**Requirement:**
Extract from the entries below, exactly as given, only the lines from the line containing "fix r :: real" to the line containing "using that incr[of", both lines included.

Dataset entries
------------------------------------------------------------

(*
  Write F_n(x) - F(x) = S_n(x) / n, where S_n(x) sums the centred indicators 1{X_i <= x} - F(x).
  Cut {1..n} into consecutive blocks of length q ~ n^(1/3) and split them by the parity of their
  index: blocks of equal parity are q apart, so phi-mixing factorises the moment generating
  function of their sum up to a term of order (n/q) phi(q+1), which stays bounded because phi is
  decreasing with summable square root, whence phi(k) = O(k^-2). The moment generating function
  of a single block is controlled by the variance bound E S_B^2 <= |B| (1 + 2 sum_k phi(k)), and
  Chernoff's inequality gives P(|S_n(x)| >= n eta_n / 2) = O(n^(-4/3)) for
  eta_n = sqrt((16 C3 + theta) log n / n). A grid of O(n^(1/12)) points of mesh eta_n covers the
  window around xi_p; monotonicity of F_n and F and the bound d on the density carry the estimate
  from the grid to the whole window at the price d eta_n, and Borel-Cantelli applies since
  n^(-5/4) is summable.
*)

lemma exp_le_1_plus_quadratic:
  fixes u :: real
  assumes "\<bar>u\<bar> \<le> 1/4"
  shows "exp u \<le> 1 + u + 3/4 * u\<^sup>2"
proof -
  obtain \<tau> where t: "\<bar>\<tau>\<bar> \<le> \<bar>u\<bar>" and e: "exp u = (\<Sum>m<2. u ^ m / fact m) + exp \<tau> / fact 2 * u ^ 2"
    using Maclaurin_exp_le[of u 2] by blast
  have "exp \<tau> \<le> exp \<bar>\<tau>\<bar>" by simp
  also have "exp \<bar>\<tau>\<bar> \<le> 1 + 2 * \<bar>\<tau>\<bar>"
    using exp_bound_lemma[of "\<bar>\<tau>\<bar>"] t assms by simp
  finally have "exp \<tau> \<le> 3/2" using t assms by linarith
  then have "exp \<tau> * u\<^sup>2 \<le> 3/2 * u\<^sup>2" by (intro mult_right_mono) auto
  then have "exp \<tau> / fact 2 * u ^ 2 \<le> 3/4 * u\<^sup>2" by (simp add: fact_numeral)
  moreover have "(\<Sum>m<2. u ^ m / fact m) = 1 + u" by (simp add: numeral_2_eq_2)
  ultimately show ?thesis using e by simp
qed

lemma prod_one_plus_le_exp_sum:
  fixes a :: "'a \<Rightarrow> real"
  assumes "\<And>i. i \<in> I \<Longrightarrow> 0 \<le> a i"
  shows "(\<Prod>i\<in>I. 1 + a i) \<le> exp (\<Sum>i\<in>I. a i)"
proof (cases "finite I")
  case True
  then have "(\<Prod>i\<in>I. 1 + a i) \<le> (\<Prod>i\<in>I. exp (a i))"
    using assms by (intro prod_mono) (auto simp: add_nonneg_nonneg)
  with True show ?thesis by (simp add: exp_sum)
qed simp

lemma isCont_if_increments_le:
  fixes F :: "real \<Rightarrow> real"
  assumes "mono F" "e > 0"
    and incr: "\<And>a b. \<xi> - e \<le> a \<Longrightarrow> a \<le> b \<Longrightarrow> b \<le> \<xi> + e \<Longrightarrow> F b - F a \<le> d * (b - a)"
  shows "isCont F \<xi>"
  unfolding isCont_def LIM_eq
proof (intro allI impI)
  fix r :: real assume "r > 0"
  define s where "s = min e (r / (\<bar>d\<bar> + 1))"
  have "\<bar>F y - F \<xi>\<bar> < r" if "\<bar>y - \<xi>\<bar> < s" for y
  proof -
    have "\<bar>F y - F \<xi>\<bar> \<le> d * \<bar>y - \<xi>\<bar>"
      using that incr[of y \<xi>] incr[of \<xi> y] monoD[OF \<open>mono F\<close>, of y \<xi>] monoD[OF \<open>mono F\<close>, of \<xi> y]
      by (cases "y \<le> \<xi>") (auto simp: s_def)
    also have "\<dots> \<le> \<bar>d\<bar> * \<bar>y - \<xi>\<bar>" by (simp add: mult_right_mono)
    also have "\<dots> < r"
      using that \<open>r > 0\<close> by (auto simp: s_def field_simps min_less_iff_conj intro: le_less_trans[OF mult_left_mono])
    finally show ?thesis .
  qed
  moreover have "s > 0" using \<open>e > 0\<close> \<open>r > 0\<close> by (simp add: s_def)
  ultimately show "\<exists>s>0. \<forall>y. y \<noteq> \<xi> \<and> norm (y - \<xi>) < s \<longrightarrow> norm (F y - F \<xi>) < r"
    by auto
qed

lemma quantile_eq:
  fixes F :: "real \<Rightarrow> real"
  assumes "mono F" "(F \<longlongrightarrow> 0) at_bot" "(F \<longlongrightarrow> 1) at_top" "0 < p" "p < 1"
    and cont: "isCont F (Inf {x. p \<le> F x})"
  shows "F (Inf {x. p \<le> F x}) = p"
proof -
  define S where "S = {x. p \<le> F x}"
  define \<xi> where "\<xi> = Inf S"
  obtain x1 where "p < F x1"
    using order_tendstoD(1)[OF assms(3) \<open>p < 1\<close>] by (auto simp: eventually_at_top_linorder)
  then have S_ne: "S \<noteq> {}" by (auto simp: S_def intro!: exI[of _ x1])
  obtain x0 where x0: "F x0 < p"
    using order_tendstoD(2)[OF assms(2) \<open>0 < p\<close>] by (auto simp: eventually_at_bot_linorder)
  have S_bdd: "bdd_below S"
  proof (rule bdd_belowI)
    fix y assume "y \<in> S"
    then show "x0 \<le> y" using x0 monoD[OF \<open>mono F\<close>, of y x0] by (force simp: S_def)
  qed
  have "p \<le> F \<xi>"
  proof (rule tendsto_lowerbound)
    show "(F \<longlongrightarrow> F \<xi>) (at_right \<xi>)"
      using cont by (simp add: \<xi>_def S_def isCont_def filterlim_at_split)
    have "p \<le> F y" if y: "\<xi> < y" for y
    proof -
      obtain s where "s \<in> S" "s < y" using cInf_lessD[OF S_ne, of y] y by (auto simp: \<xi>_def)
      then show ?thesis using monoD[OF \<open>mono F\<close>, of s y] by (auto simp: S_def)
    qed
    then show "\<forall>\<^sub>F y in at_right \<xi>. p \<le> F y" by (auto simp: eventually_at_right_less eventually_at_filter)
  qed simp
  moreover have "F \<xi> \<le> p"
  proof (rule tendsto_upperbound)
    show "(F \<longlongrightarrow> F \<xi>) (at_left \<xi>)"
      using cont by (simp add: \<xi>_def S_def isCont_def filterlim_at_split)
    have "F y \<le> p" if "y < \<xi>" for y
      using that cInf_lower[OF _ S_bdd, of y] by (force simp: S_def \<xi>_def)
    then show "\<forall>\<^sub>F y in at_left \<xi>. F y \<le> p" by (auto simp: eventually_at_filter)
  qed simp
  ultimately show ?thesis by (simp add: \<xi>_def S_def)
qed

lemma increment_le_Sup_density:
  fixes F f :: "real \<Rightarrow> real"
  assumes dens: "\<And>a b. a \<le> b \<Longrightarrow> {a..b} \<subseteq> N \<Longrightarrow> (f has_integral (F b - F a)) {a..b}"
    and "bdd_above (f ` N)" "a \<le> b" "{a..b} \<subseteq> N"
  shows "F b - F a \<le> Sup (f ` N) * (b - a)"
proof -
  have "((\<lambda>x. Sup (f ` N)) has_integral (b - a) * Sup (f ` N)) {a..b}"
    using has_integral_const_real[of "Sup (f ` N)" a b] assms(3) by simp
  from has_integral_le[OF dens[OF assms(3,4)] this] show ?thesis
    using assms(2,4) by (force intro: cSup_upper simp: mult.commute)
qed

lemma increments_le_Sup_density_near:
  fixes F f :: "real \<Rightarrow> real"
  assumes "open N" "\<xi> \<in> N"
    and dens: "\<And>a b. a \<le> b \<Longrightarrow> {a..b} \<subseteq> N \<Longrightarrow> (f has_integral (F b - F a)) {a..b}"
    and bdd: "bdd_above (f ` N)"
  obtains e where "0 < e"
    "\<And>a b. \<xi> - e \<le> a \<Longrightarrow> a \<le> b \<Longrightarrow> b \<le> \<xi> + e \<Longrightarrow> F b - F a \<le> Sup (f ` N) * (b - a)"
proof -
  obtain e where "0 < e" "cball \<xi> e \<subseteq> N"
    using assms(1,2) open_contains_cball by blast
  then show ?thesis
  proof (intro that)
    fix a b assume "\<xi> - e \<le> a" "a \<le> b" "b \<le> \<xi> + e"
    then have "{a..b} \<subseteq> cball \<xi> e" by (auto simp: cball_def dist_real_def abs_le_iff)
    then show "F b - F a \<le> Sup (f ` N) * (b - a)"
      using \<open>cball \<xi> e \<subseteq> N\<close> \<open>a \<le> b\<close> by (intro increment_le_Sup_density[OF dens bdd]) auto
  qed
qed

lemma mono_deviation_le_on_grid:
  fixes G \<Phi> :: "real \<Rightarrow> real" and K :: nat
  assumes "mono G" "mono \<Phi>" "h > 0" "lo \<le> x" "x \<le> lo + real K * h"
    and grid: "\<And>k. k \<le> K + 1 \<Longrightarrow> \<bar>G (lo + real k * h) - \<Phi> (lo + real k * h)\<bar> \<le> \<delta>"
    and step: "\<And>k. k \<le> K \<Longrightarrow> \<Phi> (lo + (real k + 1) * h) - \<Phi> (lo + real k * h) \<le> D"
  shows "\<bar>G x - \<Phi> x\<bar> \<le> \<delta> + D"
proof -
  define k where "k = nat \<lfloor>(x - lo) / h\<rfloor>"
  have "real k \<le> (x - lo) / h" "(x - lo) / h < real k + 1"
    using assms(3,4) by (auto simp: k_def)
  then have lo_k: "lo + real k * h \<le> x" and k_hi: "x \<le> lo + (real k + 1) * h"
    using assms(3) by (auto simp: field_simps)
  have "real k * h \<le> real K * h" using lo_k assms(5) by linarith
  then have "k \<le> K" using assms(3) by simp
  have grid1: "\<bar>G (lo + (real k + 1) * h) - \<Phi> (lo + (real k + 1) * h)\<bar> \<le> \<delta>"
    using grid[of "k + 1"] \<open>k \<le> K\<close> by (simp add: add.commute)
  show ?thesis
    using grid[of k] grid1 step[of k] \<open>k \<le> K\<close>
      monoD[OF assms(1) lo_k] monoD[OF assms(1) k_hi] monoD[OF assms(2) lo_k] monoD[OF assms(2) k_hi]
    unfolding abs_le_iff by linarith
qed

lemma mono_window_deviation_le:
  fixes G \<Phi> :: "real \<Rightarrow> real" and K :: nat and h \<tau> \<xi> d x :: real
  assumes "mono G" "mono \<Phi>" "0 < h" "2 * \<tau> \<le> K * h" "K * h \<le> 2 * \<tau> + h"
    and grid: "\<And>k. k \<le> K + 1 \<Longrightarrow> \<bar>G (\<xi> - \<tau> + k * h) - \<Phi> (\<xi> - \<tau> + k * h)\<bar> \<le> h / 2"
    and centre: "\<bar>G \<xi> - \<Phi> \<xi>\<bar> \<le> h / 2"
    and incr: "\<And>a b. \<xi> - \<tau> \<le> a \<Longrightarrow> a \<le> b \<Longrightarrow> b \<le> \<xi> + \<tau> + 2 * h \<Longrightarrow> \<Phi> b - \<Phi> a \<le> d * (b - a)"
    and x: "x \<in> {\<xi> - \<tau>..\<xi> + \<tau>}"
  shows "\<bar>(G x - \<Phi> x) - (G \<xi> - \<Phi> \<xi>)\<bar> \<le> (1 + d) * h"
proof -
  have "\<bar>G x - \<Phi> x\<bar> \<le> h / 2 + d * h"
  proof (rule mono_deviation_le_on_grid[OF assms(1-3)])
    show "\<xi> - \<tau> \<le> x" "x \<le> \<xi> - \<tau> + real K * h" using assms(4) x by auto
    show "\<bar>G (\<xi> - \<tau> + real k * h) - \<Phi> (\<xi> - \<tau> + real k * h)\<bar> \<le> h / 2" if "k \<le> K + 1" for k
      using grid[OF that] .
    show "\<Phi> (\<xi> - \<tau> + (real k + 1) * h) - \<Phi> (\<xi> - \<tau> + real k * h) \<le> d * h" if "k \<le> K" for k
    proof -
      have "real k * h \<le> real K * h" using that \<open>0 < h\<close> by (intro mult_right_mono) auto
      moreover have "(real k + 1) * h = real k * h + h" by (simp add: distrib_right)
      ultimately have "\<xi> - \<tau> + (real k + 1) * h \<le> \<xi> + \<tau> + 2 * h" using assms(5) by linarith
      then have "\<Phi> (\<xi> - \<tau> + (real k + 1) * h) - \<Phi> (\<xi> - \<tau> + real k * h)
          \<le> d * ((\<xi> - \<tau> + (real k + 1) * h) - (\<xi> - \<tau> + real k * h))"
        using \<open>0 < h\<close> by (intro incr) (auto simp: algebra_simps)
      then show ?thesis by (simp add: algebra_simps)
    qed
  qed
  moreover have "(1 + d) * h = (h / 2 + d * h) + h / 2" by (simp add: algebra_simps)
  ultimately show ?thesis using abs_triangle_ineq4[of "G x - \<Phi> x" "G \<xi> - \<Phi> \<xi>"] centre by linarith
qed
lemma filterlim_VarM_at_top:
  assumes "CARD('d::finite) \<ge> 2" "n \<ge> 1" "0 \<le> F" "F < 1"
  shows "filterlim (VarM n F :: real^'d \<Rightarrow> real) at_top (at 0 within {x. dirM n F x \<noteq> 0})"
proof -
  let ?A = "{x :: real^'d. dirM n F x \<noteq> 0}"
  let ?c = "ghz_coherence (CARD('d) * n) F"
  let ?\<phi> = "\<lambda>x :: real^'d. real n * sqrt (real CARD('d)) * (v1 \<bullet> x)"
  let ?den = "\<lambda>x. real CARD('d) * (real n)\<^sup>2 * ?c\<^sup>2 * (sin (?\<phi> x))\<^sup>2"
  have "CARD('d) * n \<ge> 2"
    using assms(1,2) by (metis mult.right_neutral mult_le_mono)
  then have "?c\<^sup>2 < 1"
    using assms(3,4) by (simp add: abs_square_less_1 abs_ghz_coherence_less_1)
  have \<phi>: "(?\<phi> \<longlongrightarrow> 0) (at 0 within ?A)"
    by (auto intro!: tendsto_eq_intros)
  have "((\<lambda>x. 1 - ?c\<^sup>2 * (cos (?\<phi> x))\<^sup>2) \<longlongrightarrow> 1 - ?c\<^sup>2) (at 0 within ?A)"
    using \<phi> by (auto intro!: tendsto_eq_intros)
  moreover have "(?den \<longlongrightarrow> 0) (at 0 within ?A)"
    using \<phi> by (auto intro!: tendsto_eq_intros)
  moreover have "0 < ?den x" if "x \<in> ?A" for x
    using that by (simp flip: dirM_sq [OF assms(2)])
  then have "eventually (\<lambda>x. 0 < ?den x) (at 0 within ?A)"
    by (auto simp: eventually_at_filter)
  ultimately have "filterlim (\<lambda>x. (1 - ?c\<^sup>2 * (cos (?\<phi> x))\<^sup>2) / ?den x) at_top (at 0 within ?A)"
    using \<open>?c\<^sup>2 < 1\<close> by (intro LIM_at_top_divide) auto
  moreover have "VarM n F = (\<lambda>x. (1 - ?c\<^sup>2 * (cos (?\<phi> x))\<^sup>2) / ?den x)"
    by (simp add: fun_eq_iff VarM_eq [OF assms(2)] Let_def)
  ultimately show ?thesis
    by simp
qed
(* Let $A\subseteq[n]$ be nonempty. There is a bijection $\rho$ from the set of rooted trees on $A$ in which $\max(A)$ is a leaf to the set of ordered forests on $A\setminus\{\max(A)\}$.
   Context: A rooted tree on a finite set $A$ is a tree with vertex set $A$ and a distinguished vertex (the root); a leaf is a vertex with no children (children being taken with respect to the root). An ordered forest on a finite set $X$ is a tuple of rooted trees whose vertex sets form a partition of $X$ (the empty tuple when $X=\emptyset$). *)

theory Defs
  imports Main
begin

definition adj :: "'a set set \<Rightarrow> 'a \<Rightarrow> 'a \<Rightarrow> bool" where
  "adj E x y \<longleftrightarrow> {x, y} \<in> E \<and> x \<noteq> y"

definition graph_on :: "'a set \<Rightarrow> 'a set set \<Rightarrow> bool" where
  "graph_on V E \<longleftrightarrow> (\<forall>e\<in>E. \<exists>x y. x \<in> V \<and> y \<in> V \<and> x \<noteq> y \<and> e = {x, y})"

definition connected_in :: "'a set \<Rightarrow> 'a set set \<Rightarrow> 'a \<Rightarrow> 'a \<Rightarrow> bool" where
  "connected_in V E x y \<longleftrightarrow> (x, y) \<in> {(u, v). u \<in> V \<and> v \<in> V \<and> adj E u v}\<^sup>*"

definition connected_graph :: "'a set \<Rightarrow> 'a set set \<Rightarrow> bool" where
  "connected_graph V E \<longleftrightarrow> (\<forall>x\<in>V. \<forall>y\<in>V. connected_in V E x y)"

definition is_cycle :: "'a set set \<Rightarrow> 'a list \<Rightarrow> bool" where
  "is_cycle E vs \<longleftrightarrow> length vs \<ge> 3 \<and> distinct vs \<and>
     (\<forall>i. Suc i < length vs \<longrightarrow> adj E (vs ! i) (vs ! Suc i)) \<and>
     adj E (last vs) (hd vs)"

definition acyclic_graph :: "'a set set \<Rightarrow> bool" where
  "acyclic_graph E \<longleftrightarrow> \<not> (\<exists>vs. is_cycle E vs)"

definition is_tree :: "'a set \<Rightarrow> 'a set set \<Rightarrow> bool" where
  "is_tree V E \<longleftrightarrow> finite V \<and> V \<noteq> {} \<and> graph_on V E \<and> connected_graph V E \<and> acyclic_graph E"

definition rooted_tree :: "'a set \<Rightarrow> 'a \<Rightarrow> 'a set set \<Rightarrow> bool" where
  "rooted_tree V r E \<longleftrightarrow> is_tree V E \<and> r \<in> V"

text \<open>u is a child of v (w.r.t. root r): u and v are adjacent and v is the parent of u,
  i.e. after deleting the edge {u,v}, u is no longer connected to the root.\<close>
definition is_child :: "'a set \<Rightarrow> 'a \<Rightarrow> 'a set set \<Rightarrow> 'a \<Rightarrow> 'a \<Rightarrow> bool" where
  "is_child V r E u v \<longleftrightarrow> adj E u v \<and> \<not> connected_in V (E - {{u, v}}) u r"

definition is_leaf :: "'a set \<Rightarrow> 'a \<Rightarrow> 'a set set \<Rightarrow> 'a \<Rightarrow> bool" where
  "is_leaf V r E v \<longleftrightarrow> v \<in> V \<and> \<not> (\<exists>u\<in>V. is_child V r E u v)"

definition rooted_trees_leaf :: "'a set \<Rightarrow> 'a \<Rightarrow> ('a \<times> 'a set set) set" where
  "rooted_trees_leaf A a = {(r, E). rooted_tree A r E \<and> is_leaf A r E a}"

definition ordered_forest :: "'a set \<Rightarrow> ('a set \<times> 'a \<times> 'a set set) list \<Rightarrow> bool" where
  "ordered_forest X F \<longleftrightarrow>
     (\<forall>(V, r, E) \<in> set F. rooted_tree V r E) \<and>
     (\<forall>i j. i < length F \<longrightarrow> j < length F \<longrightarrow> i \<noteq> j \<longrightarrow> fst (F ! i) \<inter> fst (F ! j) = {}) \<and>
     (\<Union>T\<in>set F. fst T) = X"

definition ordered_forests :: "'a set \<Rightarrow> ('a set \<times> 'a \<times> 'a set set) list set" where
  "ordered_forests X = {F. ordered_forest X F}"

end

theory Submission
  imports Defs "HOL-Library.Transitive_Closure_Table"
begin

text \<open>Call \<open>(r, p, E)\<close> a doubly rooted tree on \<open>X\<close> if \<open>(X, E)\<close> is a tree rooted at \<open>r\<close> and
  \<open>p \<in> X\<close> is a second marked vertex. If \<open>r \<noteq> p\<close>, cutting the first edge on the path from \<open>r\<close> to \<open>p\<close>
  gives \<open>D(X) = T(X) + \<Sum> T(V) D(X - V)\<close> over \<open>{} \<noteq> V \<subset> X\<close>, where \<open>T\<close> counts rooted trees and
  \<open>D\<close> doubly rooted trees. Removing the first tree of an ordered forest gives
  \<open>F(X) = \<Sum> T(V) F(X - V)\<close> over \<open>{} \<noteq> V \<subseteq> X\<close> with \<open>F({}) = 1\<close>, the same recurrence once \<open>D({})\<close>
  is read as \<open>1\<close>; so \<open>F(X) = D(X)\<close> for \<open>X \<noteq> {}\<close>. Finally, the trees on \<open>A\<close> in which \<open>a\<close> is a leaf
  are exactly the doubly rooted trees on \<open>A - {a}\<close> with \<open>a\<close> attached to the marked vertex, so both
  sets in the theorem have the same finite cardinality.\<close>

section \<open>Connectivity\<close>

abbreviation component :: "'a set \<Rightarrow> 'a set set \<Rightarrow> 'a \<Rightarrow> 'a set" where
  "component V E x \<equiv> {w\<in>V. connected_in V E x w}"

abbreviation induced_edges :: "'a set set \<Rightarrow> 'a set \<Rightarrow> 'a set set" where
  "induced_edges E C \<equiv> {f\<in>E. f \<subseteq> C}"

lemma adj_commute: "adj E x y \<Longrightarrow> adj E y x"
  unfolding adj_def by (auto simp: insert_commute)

------------------------------------------------------------

**Solution:**
  fix r :: real assume "r > 0"
  define s where "s = min e (r / (\<bar>d\<bar> + 1))"
  have "\<bar>F y - F \<xi>\<bar> < r" if "\<bar>y - \<xi>\<bar> < s" for y
  proof -
    have "\<bar>F y - F \<xi>\<bar> \<le> d * \<bar>y - \<xi>\<bar>"
      using that incr[of y \<xi>] incr[of \<xi> y] monoD[OF \<open>mono F\<close>, of y \<xi>] monoD[OF \<open>mono F\<close>, of \<xi> y]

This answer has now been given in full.